▸ **Instructions to follow**
How many lines in this material include the string "thesis"? Answer with the number and nothing further.

▸ **Records for the task**
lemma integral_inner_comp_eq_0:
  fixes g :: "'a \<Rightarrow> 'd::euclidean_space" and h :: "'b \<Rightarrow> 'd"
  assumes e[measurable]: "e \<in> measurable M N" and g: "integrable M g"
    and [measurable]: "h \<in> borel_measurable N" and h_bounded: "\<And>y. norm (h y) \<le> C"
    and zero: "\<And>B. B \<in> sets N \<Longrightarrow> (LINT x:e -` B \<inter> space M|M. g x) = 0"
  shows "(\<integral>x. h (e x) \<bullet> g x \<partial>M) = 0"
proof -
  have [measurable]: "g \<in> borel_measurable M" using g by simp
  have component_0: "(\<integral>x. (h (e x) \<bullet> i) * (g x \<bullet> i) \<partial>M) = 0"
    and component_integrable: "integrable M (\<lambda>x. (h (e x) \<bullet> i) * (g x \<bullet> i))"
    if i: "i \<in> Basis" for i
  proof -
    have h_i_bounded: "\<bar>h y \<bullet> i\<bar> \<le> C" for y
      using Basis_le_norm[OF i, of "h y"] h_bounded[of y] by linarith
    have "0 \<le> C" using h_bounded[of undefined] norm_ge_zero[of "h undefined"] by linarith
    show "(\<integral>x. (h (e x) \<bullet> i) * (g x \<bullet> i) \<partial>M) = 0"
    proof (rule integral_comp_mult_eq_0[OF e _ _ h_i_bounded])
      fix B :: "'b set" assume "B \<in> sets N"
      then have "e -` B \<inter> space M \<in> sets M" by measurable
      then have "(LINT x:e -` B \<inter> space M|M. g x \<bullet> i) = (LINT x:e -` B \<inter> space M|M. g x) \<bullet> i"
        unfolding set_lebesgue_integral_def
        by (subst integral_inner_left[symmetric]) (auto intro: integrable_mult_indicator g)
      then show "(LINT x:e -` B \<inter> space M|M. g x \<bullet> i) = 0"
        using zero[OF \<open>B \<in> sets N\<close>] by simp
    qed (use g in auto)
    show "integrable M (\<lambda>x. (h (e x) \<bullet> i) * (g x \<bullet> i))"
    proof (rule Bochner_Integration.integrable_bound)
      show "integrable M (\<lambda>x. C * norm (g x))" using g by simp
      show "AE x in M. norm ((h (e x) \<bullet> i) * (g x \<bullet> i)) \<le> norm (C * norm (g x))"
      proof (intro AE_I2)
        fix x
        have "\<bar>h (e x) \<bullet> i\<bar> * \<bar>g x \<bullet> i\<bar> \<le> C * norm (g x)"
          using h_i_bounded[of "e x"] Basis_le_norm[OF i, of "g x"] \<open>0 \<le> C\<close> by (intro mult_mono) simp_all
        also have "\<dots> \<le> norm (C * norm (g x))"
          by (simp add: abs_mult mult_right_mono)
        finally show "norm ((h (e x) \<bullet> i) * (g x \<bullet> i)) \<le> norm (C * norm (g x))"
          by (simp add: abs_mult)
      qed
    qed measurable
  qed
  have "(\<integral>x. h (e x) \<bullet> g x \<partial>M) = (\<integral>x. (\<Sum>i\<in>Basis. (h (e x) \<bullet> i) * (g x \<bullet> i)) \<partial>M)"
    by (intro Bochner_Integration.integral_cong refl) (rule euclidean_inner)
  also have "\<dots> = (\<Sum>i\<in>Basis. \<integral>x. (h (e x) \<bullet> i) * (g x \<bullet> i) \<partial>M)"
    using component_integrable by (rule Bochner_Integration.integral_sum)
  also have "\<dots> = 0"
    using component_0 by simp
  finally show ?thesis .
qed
--
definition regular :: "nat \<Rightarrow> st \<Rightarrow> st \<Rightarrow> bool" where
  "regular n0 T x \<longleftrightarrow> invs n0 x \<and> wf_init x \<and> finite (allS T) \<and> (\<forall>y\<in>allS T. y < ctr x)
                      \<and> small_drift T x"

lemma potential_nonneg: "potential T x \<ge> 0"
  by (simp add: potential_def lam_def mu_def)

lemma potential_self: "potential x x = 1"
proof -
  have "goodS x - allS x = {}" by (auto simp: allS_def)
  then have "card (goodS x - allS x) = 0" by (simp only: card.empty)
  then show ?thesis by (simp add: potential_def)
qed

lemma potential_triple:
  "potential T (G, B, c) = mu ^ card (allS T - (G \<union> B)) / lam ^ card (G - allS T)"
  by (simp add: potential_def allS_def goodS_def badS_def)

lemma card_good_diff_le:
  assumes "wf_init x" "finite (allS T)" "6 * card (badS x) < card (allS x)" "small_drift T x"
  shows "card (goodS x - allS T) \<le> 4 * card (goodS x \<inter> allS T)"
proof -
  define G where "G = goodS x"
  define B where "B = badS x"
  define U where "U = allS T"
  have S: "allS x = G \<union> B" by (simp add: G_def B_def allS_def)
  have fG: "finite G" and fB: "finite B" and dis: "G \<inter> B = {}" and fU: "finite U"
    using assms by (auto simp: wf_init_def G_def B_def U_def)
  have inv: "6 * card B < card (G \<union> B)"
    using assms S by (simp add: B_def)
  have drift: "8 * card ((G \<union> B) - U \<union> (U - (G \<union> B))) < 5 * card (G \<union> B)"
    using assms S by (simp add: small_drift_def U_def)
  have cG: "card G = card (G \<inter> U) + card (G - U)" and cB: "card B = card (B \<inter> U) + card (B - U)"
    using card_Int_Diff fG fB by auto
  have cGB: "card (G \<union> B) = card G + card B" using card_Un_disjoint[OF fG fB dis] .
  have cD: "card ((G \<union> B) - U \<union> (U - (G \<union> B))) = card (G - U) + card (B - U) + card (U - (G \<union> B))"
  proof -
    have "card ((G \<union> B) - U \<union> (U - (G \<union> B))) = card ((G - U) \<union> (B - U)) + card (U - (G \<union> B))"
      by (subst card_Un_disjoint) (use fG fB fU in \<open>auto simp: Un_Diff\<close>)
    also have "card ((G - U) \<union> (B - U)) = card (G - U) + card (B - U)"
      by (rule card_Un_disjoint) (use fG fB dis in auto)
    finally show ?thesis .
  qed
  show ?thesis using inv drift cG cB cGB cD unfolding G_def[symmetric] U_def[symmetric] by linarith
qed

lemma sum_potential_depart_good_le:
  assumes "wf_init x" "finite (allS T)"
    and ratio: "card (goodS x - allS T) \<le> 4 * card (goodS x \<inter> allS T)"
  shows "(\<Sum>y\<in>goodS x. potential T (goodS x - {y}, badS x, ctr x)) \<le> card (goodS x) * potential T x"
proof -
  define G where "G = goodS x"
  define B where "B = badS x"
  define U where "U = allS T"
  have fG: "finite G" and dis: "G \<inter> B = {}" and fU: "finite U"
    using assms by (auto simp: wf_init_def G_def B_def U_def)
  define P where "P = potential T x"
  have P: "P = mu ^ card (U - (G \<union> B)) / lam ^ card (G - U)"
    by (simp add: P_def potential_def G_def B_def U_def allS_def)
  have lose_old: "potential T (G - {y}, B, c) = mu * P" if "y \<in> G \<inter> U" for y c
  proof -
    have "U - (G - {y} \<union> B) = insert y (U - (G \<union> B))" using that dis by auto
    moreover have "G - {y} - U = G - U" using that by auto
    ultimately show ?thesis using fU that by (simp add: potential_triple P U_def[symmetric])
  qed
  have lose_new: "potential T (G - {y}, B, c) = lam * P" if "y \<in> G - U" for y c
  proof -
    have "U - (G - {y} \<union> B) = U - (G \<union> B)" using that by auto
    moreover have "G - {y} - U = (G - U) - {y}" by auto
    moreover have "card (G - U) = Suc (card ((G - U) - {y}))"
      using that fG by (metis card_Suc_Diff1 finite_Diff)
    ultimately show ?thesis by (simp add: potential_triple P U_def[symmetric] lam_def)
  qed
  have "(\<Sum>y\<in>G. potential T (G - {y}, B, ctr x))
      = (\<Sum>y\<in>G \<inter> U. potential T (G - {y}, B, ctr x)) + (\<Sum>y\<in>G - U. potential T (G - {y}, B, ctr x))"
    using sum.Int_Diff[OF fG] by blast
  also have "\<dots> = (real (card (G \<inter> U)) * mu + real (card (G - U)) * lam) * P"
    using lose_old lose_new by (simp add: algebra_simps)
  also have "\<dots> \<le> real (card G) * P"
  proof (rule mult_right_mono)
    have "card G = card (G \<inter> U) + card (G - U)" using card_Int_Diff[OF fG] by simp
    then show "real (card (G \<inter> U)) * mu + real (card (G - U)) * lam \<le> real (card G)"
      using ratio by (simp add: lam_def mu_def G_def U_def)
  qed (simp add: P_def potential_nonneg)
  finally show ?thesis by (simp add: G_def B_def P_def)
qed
* * *
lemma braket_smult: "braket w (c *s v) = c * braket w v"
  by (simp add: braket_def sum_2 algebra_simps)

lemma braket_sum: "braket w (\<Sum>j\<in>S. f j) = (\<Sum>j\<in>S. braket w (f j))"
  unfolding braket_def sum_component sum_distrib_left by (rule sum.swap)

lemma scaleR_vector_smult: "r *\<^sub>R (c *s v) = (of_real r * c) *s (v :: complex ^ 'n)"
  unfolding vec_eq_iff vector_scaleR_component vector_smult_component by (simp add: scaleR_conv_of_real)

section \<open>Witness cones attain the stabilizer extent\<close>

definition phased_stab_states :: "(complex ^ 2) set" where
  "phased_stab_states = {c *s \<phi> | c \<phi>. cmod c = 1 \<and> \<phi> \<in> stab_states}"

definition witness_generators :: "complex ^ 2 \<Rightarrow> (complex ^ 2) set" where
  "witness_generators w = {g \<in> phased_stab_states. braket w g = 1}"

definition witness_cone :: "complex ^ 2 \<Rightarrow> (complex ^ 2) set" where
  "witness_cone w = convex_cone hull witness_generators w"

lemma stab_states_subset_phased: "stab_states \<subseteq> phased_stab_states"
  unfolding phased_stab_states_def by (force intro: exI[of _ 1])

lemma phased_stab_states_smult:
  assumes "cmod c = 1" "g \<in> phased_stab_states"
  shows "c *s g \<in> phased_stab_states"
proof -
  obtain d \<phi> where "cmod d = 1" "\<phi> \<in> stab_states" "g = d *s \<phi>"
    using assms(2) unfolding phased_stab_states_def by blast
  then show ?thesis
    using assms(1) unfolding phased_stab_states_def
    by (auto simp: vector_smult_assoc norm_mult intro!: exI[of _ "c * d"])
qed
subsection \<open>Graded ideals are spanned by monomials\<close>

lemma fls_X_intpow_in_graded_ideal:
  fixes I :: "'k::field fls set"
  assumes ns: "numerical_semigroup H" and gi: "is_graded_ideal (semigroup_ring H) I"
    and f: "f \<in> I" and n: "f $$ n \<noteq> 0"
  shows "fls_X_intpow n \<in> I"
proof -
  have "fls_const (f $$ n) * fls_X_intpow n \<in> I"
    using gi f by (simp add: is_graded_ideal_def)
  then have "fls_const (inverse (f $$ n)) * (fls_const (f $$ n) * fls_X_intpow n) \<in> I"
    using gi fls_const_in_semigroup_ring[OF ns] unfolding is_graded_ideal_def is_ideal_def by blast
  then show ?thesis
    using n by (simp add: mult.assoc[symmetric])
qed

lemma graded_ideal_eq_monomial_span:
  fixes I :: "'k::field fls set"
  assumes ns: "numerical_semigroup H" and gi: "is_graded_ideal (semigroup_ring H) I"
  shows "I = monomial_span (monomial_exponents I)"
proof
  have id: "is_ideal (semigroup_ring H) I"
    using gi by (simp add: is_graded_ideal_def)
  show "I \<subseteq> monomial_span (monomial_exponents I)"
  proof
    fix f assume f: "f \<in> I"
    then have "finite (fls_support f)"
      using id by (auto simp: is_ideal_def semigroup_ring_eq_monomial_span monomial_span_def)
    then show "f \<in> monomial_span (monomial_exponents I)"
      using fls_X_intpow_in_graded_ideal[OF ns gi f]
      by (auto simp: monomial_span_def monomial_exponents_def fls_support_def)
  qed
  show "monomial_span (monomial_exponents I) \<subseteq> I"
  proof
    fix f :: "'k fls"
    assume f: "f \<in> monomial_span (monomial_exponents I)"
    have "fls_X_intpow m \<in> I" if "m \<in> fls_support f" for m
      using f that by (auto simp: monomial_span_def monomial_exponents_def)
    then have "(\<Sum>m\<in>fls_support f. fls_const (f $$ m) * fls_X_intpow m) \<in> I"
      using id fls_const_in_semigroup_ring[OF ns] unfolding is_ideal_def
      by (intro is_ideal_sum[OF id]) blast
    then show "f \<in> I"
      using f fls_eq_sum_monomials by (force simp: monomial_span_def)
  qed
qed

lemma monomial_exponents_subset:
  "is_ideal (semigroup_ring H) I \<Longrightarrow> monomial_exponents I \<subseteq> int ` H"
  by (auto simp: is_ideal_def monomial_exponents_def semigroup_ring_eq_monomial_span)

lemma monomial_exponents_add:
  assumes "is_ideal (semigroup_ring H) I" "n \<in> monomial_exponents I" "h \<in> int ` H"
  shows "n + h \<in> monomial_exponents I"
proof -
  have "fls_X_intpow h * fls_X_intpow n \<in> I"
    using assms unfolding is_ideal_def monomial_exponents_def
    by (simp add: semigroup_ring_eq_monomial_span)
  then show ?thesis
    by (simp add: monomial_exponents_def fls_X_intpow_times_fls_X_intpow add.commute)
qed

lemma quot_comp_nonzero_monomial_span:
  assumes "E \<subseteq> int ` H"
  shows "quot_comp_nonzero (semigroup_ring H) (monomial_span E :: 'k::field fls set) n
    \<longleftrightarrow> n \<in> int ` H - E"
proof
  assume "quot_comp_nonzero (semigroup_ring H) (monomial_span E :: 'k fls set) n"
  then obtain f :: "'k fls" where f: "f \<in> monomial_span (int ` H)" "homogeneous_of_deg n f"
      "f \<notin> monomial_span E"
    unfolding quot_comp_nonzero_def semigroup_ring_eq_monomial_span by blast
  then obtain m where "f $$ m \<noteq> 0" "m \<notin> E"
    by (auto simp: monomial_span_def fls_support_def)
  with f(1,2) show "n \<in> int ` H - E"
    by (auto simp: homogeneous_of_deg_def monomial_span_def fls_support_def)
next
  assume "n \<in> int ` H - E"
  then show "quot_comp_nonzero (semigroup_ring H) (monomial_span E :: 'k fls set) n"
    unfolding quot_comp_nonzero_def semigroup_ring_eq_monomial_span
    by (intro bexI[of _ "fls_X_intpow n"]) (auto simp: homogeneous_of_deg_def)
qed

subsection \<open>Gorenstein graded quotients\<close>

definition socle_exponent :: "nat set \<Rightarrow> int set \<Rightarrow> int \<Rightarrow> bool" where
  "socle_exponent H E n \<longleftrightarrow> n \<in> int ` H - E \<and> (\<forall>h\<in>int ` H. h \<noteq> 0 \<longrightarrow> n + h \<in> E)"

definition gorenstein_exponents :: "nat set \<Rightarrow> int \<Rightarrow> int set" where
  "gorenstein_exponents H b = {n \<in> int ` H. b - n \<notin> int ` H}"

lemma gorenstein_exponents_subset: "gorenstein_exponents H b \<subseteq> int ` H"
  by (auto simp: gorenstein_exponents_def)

▸ **Finished exercise**
10